Briefly recap, from ep#1 we get the data ready y_train, y_test (by temporal_train_test_split) from and fh (by ForecastingHorizon). Our goal is to create model to predict 12 week(3 month) sales ahead.

3 Time series forecasting, Sktime transform time sequence to supervise and ready to do Machine Learning task, so we can mention now we are working on Regression. I pick up some of Regression model as follow.

  • AutoARIMA* (a classic Time series technique)
  • KNeighborsRegressor
  • LinearRegression
  • XgbRegressor

for the model performance was take mean_absolute_percentage_error(MAPE) by sktime.performance_metrics.forecasting [MAPE is measured in percentage error relative to the test data.
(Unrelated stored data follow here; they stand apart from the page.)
lemma is_basis_of_has_coords:
  assumes "is_basis_of n X bs" and "(s, a) \<in> X"
  shows "\<exists>c. has_coords n bs c (s, a)"
proof -
  have "\<forall>(s, a)\<in>X. \<exists>c. (\<forall>j<n. s $ j = (\<Sum>k<length bs. c k * fst (bs ! k) $ j)) \<and>
      a = (\<Sum>k<length bs. c k * snd (bs ! k))"
    using assms(1) unfolding is_basis_of_def by (elim conjE)
  from bspec[OF this assms(2)] show ?thesis
    unfolding has_coords_def by simp
qed

lemma has_coords_append_left:
  "has_coords n xs c p \<Longrightarrow> has_coords n (xs @ ys) (\<lambda>k. if k < length xs then c k else 0) p"
  unfolding has_coords_def by (simp add: sum_lessThan_add nth_append)

lemma has_coords_append_right:
  "has_coords n ys c p \<Longrightarrow> has_coords n (xs @ ys) (\<lambda>k. if k < length xs then 0 else c (k - length xs)) p"
  unfolding has_coords_def by (simp add: sum_lessThan_add nth_append)

lemma atom_holds_affine_comb:
  assumes "atom_coeffs \<phi> \<in> carrier_vec n" "w \<in> carrier_vec n" "w' \<in> carrier_vec n"
    and "atom_holds \<phi> w" "atom_holds \<phi> w'" and "0 \<le> t" "t \<le> 1"
  shows "atom_holds \<phi> (affine_comb t w w')"
proof -
  have "(1 - t) * x + t * x = x" for x :: rat
    by (simp add: algebra_simps)
  with assms show ?thesis
    by (cases \<phi>) (auto simp: scalar_prod_affine_comb[of _ n] intro: convex_bound_lt)
qed
(* Let $G=(V,E)$ be a finite undirected unweighted simple graph. For $u\in V$ let $\mathcal{F}_{uu}$ be the set of spanning rooted forests of $G$ in which $u$ is a root, and let $$s(u)=\frac{1}{|\mathcal{F}_{uu}|}\sum_{F\in\mathcal{F}_{uu}}|F|_u,$$ where $|F|_u$ is the number of vertices of the tree rooted at $u$ in $F$. Define $\mathrm{ForestSim}(u,v)=\frac{\min(s(u),s(v))}{\max(s(u),s(v))}$ for $u,v\in V$. Then $\mathrm{ForestSim}$ is an admissible role similarity metric, i.e. it satisfies all of: (P1) $\mathrm{ForestSim}(u,v)\in[0,1]$ for all $u,v\in V$; (P2) $\mathrm{ForestSim}(u,v)=\mathrm{ForestSim}(v,u)$ for all $u,v$; (P3) if $u$ and $v$ are automorphically equivalent then $\mathrm{ForestSim}(u,v)=1$; (P4) if $u$ and $u'$ are automorphically equivalent then $\mathrm{ForestSim}(u,v)=\mathrm{ForestSim}(u',v)$ for every $v\in V$; (P5) writing $\mathrm{Dist}(u,v)=1-\mathrm{ForestSim}(u,v)$, one has $\mathrm{Dist}(u,v)\le\mathrm{Dist}(u,u')+\mathrm{Dist}(u',v)$ for all $u,u',v\in V$.
   Context: A spanning forest of $G$ is an acyclic subgraph containing all vertices of $G$; a spanning rooted forest is a spanning forest with one root marked in each of its trees. An automorphism of $G$ is a bijection $f:V\to V$ such that $(f(u),f(v))\in E$ for every $(u,v)\in E$. Vertices $u,v$ are automorphically equivalent if there is an automorphism $f$ with $f(u)=v$. *)

theory Defs
  imports Complex_Main
begin

definition simple_graph :: "'a set \<Rightarrow> 'a set set \<Rightarrow> bool" where
  "simple_graph V E \<longleftrightarrow> finite V \<and> (\<forall>e\<in>E. e \<subseteq> V \<and> card e = 2)"

definition is_cycle :: "'a set set \<Rightarrow> 'a list \<Rightarrow> bool" where
  "is_cycle F xs \<longleftrightarrow> length xs \<ge> 3 \<and> distinct xs \<and>
     (\<forall>i. Suc i < length xs \<longrightarrow> {xs ! i, xs ! Suc i} \<in> F) \<and> {last xs, hd xs} \<in> F"

definition acyclic_edges :: "'a set set \<Rightarrow> bool" where
  "acyclic_edges F \<longleftrightarrow> (\<nexists>xs. is_cycle F xs)"

text \<open>Spanning forest of G = (V,E): an acyclic subgraph containing all vertices,
  represented by its edge set (its vertex set is V).\<close>
definition spanning_forest :: "'a set \<Rightarrow> 'a set set \<Rightarrow> 'a set set \<Rightarrow> bool" where
  "spanning_forest V E F \<longleftrightarrow> F \<subseteq> E \<and> acyclic_edges F"

definition adj_rel :: "'a set set \<Rightarrow> ('a \<times> 'a) set" where
  "adj_rel F = {(x, y). {x, y} \<in> F}"

definition tree_of :: "'a set \<Rightarrow> 'a set set \<Rightarrow> 'a \<Rightarrow> 'a set" where
  "tree_of V F x = {y \<in> V. (x, y) \<in> (adj_rel F)\<^sup>*}"

definition spanning_rooted_forest :: "'a set \<Rightarrow> 'a set set \<Rightarrow> 'a set set \<times> 'a set \<Rightarrow> bool" where
  "spanning_rooted_forest V E FR \<longleftrightarrow> (case FR of (F, R) \<Rightarrow>
     spanning_forest V E F \<and> R \<subseteq> V \<and> (\<forall>x\<in>V. \<exists>!r. r \<in> R \<and> r \<in> tree_of V F x))"

definition forests_rooted_at :: "'a set \<Rightarrow> 'a set set \<Rightarrow> 'a \<Rightarrow> ('a set set \<times> 'a set) set" where
  "forests_rooted_at V E u = {FR. spanning_rooted_forest V E FR \<and> u \<in> snd FR}"

definition forest_s :: "'a set \<Rightarrow> 'a set set \<Rightarrow> 'a \<Rightarrow> real" where
  "forest_s V E u = (\<Sum>FR\<in>forests_rooted_at V E u. real (card (tree_of V (fst FR) u)))
                     / real (card (forests_rooted_at V E u))"

definition ForestSim :: "'a set \<Rightarrow> 'a set set \<Rightarrow> 'a \<Rightarrow> 'a \<Rightarrow> real" where
  "ForestSim V E u v = min (forest_s V E u) (forest_s V E v) / max (forest_s V E u) (forest_s V E v)"

definition ForestDist :: "'a set \<Rightarrow> 'a set set \<Rightarrow> 'a \<Rightarrow> 'a \<Rightarrow> real" where
  "ForestDist V E u v = 1 - ForestSim V E u v"

definition automorphism :: "'a set \<Rightarrow> 'a set set \<Rightarrow> ('a \<Rightarrow> 'a) \<Rightarrow> bool" where
  "automorphism V E f \<longleftrightarrow> bij_betw f V V \<and> (\<forall>x y. {x, y} \<in> E \<longrightarrow> {f x, f y} \<in> E)"

definition auto_equiv :: "'a set \<Rightarrow> 'a set set \<Rightarrow> 'a \<Rightarrow> 'a \<Rightarrow> bool" where
  "auto_equiv V E u v \<longleftrightarrow> (\<exists>f. automorphism V E f \<and> f u = v)"

end

theory Submission
  imports Defs
begin

text \<open>An injection f of the vertex set transports spanning rooted forests, (F, R) \<mapsto> (f F, f R),
  bijectively onto those of the image graph, sending the forests in which u is a root to those in
  which f u is a root and preserving the size of the tree of the root.  For an automorphism the
  image graph is G itself, so s(f u) = s(u).  Since every tree contains its root and the edgeless
  forest lies in \<F>_uu, s(u) \<ge> 1.  Properties (P1)--(P4) then follow from the definition of ForestSim,
  and (P5) is the triangle inequality for d(a, b) = 1 - min(a, b) / max(a, b) on positive reals:
  for x \<le> y \<le> z one has d(x, y) + d(y, z) - d(x, z) = d(x, y) d(y, z) \<ge> 0.\<close>

lemma one_minus_div_triangle_sorted:
  fixes x y z :: real
  assumes "0 < x" "x \<le> y" "y \<le> z"
  shows "1 - x / z \<le> (1 - x / y) + (1 - y / z)"
proof -
  have "(1 - x / y) + (1 - y / z) - (1 - x / z) = (1 - x / y) * (1 - y / z)"
    using assms by (simp add: field_simps)
  moreover have "0 \<le> (1 - x / y) * (1 - y / z)"
    using assms by simp
  ultimately show ?thesis by linarith
qed

lemma min_div_max_dist_triangle:
  fixes a b c :: real
  assumes "0 < a" "0 < b" "0 < c"
  shows "1 - min a c / max a c \<le> (1 - min a b / max a b) + (1 - min b c / max b c)"
  using assms(1,3)
proof (induction a c rule: linorder_wlog)
  case (le a c)
  consider "b \<le> a" | "a \<le> b" "b \<le> c" | "c \<le> b" by linarith
  then show ?case
  proof cases
    case 1
    have "b / c \<le> a / c" "b / a \<le> 1" using 1 le assms(2) by (simp_all add: divide_right_mono)
    then have "1 - a / c \<le> (1 - b / a) + (1 - b / c)" by linarith
    then show ?thesis using 1 le by (simp add: min_def max_def)
  next
    case 2
    then show ?thesis using one_minus_div_triangle_sorted[of a b c] le by (simp add: min_def max_def)
  next
    case 3
    have "a / b \<le> a / c" "c / b \<le> 1" using 3 le assms(2) by (simp_all add: divide_left_mono)
    then have "1 - a / c \<le> (1 - a / b) + (1 - c / b)" by linarith
    then show ?thesis using 3 le by (simp add: min_def max_def)
  qed
next
  case (sym a c)
  then show ?case by (simp add: min.commute max.commute)
qed

abbreviation map_edges :: "('a \<Rightarrow> 'b) \<Rightarrow> 'a set set \<Rightarrow> 'b set set" where
  "map_edges f F \<equiv> (`) f ` F"
lemma lsize_gt_iff:
  assumes "A \<subseteq> X" "A \<noteq> {}" "0 \<le> a"
  shows "a < lsize h A \<longleftrightarrow> a powr t * m A < S (restr A h) powr t"
  using lsize_le_iff[OF assms, of h] by auto

lemma Linf_eq: "Linf h = Sup (insert 0 (lsize h ` {A. A \<subseteq> X \<and> A \<noteq> {}}))"
  by (simp add: Linf_norm_def)

lemma finite_nonempty_subsets: "finite {A. A \<subseteq> X \<and> A \<noteq> {}}"
  using finite_X by (rule finite_subset[rotated, OF finite_Pow_iff[THEN iffD2]]) auto

lemma Linf_nonneg: "0 \<le> Linf h"
  unfolding Linf_eq using finite_nonempty_subsets by (intro cSup_upper) auto

lemma lsize_le_Linf: "A \<subseteq> X \<Longrightarrow> A \<noteq> {} \<Longrightarrow> lsize h A \<le> Linf h"
  unfolding Linf_eq using finite_nonempty_subsets by (intro cSup_upper) auto

lemma Linf_leI: "0 \<le> a \<Longrightarrow> (\<And>A. A \<subseteq> X \<Longrightarrow> A \<noteq> {} \<Longrightarrow> lsize h A \<le> a) \<Longrightarrow> Linf h \<le> a"
  unfolding Linf_eq by (intro cSup_least) auto

lemma Linf_zero: "Linf (\<lambda>_. 0) = 0"
  using Linf_nonneg[of "\<lambda>_. 0"] Linf_leI[of 0 "\<lambda>_. 0"]
  by (simp add: lsize_eq restr_zero S_zero)

lemma lsize_restr_mono: "C \<subseteq> D \<Longrightarrow> A \<subseteq> X \<Longrightarrow> lsize (restr C h) A \<le> lsize (restr D h) A"
  unfolding lsize_eq restr_restr by (intro mult_left_mono S_restr_mono) auto

lemma Linf_restr_mono: "C \<subseteq> D \<Longrightarrow> Linf (restr C h) \<le> Linf (restr D h)"
  by (intro Linf_leI Linf_nonneg order.trans[OF lsize_restr_mono lsize_le_Linf]) auto

lemma Linf_restr_le: "Linf (restr C h) \<le> Linf h"
proof (intro Linf_leI Linf_nonneg)
  fix A assume "A \<subseteq> X" "A \<noteq> {}"
  then show "lsize (restr C h) A \<le> Linf h"
    using lsize_restr_mono[of "C \<inter> X" X A h] lsize_le_Linf[of A h]
    by (simp add: lsize_eq restr_restr Int_absorb2 Int_assoc[symmetric]
        Int_absorb2[of A X] inf_commute)
qed

lemma level_eq: "level h lam = Inf {m B | B. B \<subseteq> X \<and> Linf (restr (X - B) h) \<le> lam}"
  by (simp add: super_level_def)

lemma level_le: "B \<subseteq> X \<Longrightarrow> Linf (restr (X - B) h) \<le> lam \<Longrightarrow> level h lam \<le> m B"
  unfolding level_eq by (rule cInf_lower) (auto intro!: bdd_belowI[of _ 0] meas_nonneg)

lemma level_geI:
  assumes "0 \<le> lam" "\<And>B. B \<subseteq> X \<Longrightarrow> Linf (restr (X - B) h) \<le> lam \<Longrightarrow> c \<le> m B"
  shows "c \<le> level h lam"
  unfolding level_eq
proof (rule cInf_greatest)
  have "Linf (restr (X - X) h) \<le> lam"
    using assms(1) by (simp add: restr_empty Linf_zero)
  then show "{m B | B. B \<subseteq> X \<and> Linf (restr (X - B) h) \<le> lam} \<noteq> {}"
    by blast
qed (use assms(2) in auto)

lemma level_nonneg: "0 \<le> lam \<Longrightarrow> 0 \<le> level h lam"
  by (rule level_geI) (auto intro: meas_nonneg)

lemma level_le_meas_X: "0 \<le> lam \<Longrightarrow> level h lam \<le> m X"
  by (rule level_le) (auto simp: restr_empty Linf_zero)

lemma level_eq_0: "Linf h \<le> lam \<Longrightarrow> level h lam = 0"
  using level_le[of "{}" h lam] Linf_restr_le[of X h] level_nonneg[of lam h] Linf_nonneg[of h]
  by (simp add: meas_empty)

lemma level_antimono: "0 \<le> lam \<Longrightarrow> lam \<le> lam' \<Longrightarrow> level h lam' \<le> level h lam"
  by (rule level_geI) (auto intro: level_le)

lemma antitone_cutoff_level: "antitone_cutoff (level h)"
  unfolding antitone_cutoff_def using Linf_nonneg[of h]
  by (intro exI[of _ "m X"] exI[of _ "Linf h + 1"])
    (auto simp: level_nonneg level_le_meas_X level_antimono level_eq_0)

lemma level_restr_mono: "C \<subseteq> D \<Longrightarrow> 0 \<le> lam \<Longrightarrow> level (restr C h) lam \<le> level (restr D h) lam"
proof (rule level_geI)
  fix B assume "C \<subseteq> D" "B \<subseteq> X" "Linf (restr (X - B) (restr D h)) \<le> lam"
  moreover have "Linf (restr (X - B) (restr C h)) \<le> Linf (restr (X - B) (restr D h))"
    unfolding restr_restr using \<open>C \<subseteq> D\<close> by (intro Linf_restr_mono) auto
  ultimately show "level (restr C h) lam \<le> m B"
    by (intro level_le) auto
qed

lemma layer_integrable_level: "0 < s \<Longrightarrow> layer_integrable s (level h)"
  by (intro layer_integrable_antitone_cutoff antitone_cutoff_level)

lemma layer_integral_level_nonneg: "0 < s \<Longrightarrow> 0 \<le> layer_integral s (level h)"
  by (intro layer_integral_nonneg level_nonneg) auto

lemma Lout_norm_eq: "Lout_norm X m t s S h = layer_integral s (level h) powr (1 / s)"
  by (simp add: Lout_norm_def layer_integral_def)

lemma Lout_norm_powr: "0 < s \<Longrightarrow> Lout_norm X m t s S h powr s = layer_integral s (level h)"
  unfolding Lout_norm_eq powr_powr using layer_integral_level_nonneg[of s h] by simp

lemma layer_integral_level_restr_mono:
  "0 < s \<Longrightarrow> C \<subseteq> D \<Longrightarrow> layer_integral s (level (restr C h)) \<le> layer_integral s (level (restr D h))"
  by (intro layer_integral_mono layer_integrable_level level_restr_mono) auto

lemma caratheodory_finite: "caratheodory X m K \<A> \<Longrightarrow> finite \<A>"
  unfolding caratheodory_def using finite_X by (meson finite_Pow_iff finite_subset)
Because it takes the absolute value rather than square the percentage forecast error]. code here.

from sktime.performance_metrics.forecasting import mean_absolute_percentage_error
print('MAPE: %.4f' % mean_absolute_percentage_error(y_test, y_pred, symmetric=False))

AutoARIMA

In Auto ARIMA, the model itself will generate the optimal p, d, and q values which would be suitable for the data set to provide better forecasting.

code here,

from sktime.forecasting.arima import AutoARIMA

forecaster = AutoARIMA(start_p=8, max_p=9, suppress_warnings=True)

forecaster.fit(y_train)
y_pred = forecaster.predict(fh)
plot_series(y_train, y_test, y_pred, labels=["y_train", "y_test", "y_pred"])

as you can see, y_pred can’t predict any up and down trend and MAPE showed 0.75(75% of error).

KNeighborsRegressor

The KNN algorithm uses ‘feature similarity’ to predict the values of any new data points. This means that the new point is assigned a value based on how closely it resembles the points in the training set.

code here,

regressor = KNeighborsRegressor(n_neighbors=3)

forecaster = make_reduction(regressor, strategy="recursive", window_length= window_length)
forecaster.fit(y_train)
y_pred = forecaster.predict(fh)
plot_series(y_train, y_test, y_pred, labels=["y_train", "y_test", "y_pred"])

as above KNNRegressor can predict trend of up and down, but it had a gap between actual and predict value (as was my yellow color hand writing) formal reapresent by MAPE 0.8094. Howevey, it can capture trend line so I make it as candidate model

LinearRegression

Linear regression shows the linear relationship between the independent variable (X-axis) and the dependent variable (Y-axis), consequently

code here,

from sklearn.linear_model import LinearRegression
regressor = LinearRegression()

forecaster = make_reduction(regressor, strategy="recursive", window_length= window_length)
forecaster.fit(y_train)
y_pred = forecaster.predict(fh)
plot_series(y_train, y_test, y_pred, labels=["y_train", "y_test", "y_pred"])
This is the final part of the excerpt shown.